TASK PROMPT ▸ What is needed here is an exact copy of all the entries below.

RECORDS SHOWN section start

lemma sum_permutations_eld_children:
  fixes t z :: "'a::comm_ring_1"
  assumes "finite B" "inj_on beta B"
  shows "(\<Sum>ts\<in>permutations_of_set B. t ^ eld_children ts * z ^ (length ts - eld_children ts))
    = pochhammer_step t z (card B)"
  using assms
proof (induction "card B" arbitrary: B)
  case (Suc k B)
  let ?w = "\<lambda>ts. t ^ eld_children ts * z ^ (length ts - eld_children ts)"
  have "B \<noteq> {}"
    using Suc.hyps(2) by auto
  obtain T0 where T0: "T0 \<in> B" "\<forall>T\<in>B. beta T0 \<le> beta T"
    using Suc.prems(1) \<open>B \<noteq> {}\<close> by (metis arg_min_if_finite not_le)
  have w_Cons: "?w (T # ts) = (if T = T0 then z else t) * ?w ts"
    if "T \<in> B" "ts \<in> permutations_of_set (B - {T})" for T ts
  proof -
    have "set ts = B - {T}"
      using that(2) by (simp add: permutations_of_set_def)
    then have "(\<exists>s\<in>set ts. beta s < beta T) \<longleftrightarrow> T \<noteq> T0"
      using that(1) T0 Suc.prems(2) by (auto simp: inj_on_def) (metis DiffI order_le_neq_trans singletonD)
    then show ?thesis
      using eld_children_le_length[of ts] by (auto simp: eld_children_Cons Suc_diff_le)
  qed
  have IH: "sum ?w (permutations_of_set (B - {T})) = pochhammer_step t z k" if "T \<in> B" for T
    using that Suc.hyps Suc.prems by (simp add: inj_on_diff flip: Suc.hyps(2))
  have "sum ?w (permutations_of_set B) = (\<Sum>T\<in>B. sum ?w ((#) T ` permutations_of_set (B - {T})))"
    unfolding permutations_of_set_nonempty[OF \<open>B \<noteq> {}\<close>]
    by (rule sum.UNION_disjoint) (use Suc.prems(1) in auto)
  also have "\<dots> = (\<Sum>T\<in>B. \<Sum>ts\<in>permutations_of_set (B - {T}). (if T = T0 then z else t) * ?w ts)"
  proof (rule sum.cong[OF refl])
    fix T assume "T \<in> B"
    have "sum ?w ((#) T ` permutations_of_set (B - {T})) = (\<Sum>ts\<in>permutations_of_set (B - {T}). ?w (T # ts))"
      by (simp add: sum.reindex)
    also have "\<dots> = (\<Sum>ts\<in>permutations_of_set (B - {T}). (if T = T0 then z else t) * ?w ts)"
      using \<open>T \<in> B\<close> by (intro sum.cong refl w_Cons)
    finally show "sum ?w ((#) T ` permutations_of_set (B - {T})) = \<dots>" .
  qed
  also have "\<dots> = (\<Sum>T\<in>B. (if T = T0 then z else t) * pochhammer_step t z k)"
    using IH by (simp add: sum_distrib_left[symmetric])
  also have "\<dots> = (z + of_nat k * t) * pochhammer_step t z k"
    using Suc.prems(1) T0(1) by (simp add: sum.remove sum_distrib_right[symmetric] flip: Suc.hyps(2))
  finally show ?case
    by (simp add: pochhammer_step_Suc mult.commute flip: Suc.hyps(2))
qed simp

RECORDS SHOWN section end

OUTPUT FOR THIS EXERCISE ▸
lemma sum_permutations_eld_children:
  fixes t z :: "'a::comm_ring_1"
  assumes "finite B" "inj_on beta B"
  shows "(\<Sum>ts\<in>permutations_of_set B. t ^ eld_children ts * z ^ (length ts - eld_children ts))
    = pochhammer_step t z (card B)"
  using assms
proof (induction "card B" arbitrary: B)
  case (Suc k B)
  let ?w = "\<lambda>ts. t ^ eld_children ts * z ^ (length ts - eld_children ts)"
  have "B \<noteq> {}"
    using Suc.hyps(2) by auto
  obtain T0 where T0: "T0 \<in> B" "\<forall>T\<in>B. beta T0 \<le> beta T"
    using Suc.prems(1) \<open>B \<noteq> {}\<close> by (metis arg_min_if_finite not_le)
  have w_Cons: "?w (T # ts) = (if T = T0 then z else t) * ?w ts"
    if "T \<in> B" "ts \<in> permutations_of_set (B - {T})" for T ts
  proof -
    have "set ts = B - {T}"
      using that(2) by (simp add: permutations_of_set_def)
    then have "(\<exists>s\<in>set ts. beta s < beta T) \<longleftrightarrow> T \<noteq> T0"
      using that(1) T0 Suc.prems(2) by (auto simp: inj_on_def) (metis DiffI order_le_neq_trans singletonD)
    then show ?thesis
      using eld_children_le_length[of ts] by (auto simp: eld_children_Cons Suc_diff_le)
  qed
  have IH: "sum ?w (permutations_of_set (B - {T})) = pochhammer_step t z k" if "T \<in> B" for T
    using that Suc.hyps Suc.prems by (simp add: inj_on_diff flip: Suc.hyps(2))
  have "sum ?w (permutations_of_set B) = (\<Sum>T\<in>B. sum ?w ((#) T ` permutations_of_set (B - {T})))"
    unfolding permutations_of_set_nonempty[OF \<open>B \<noteq> {}\<close>]
    by (rule sum.UNION_disjoint) (use Suc.prems(1) in auto)
  also have "\<dots> = (\<Sum>T\<in>B. \<Sum>ts\<in>permutations_of_set (B - {T}). (if T = T0 then z else t) * ?w ts)"
  proof (rule sum.cong[OF refl])
    fix T assume "T \<in> B"
    have "sum ?w ((#) T ` permutations_of_set (B - {T})) = (\<Sum>ts\<in>permutations_of_set (B - {T}). ?w (T # ts))"
      by (simp add: sum.reindex)
    also have "\<dots> = (\<Sum>ts\<in>permutations_of_set (B - {T}). (if T = T0 then z else t) * ?w ts)"
      using \<open>T \<in> B\<close> by (intro sum.cong refl w_Cons)
    finally show "sum ?w ((#) T ` permutations_of_set (B - {T})) = \<dots>" .
  qed
  also have "\<dots> = (\<Sum>T\<in>B. (if T = T0 then z else t) * pochhammer_step t z k)"
    using IH by (simp add: sum_distrib_left[symmetric])
  also have "\<dots> = (z + of_nat k * t) * pochhammer_step t z k"
    using Suc.prems(1) T0(1) by (simp add: sum.remove sum_distrib_right[symmetric] flip: Suc.hyps(2))
  finally show ?case
    by (simp add: pochhammer_step_Suc mult.commute flip: Suc.hyps(2))
qed simp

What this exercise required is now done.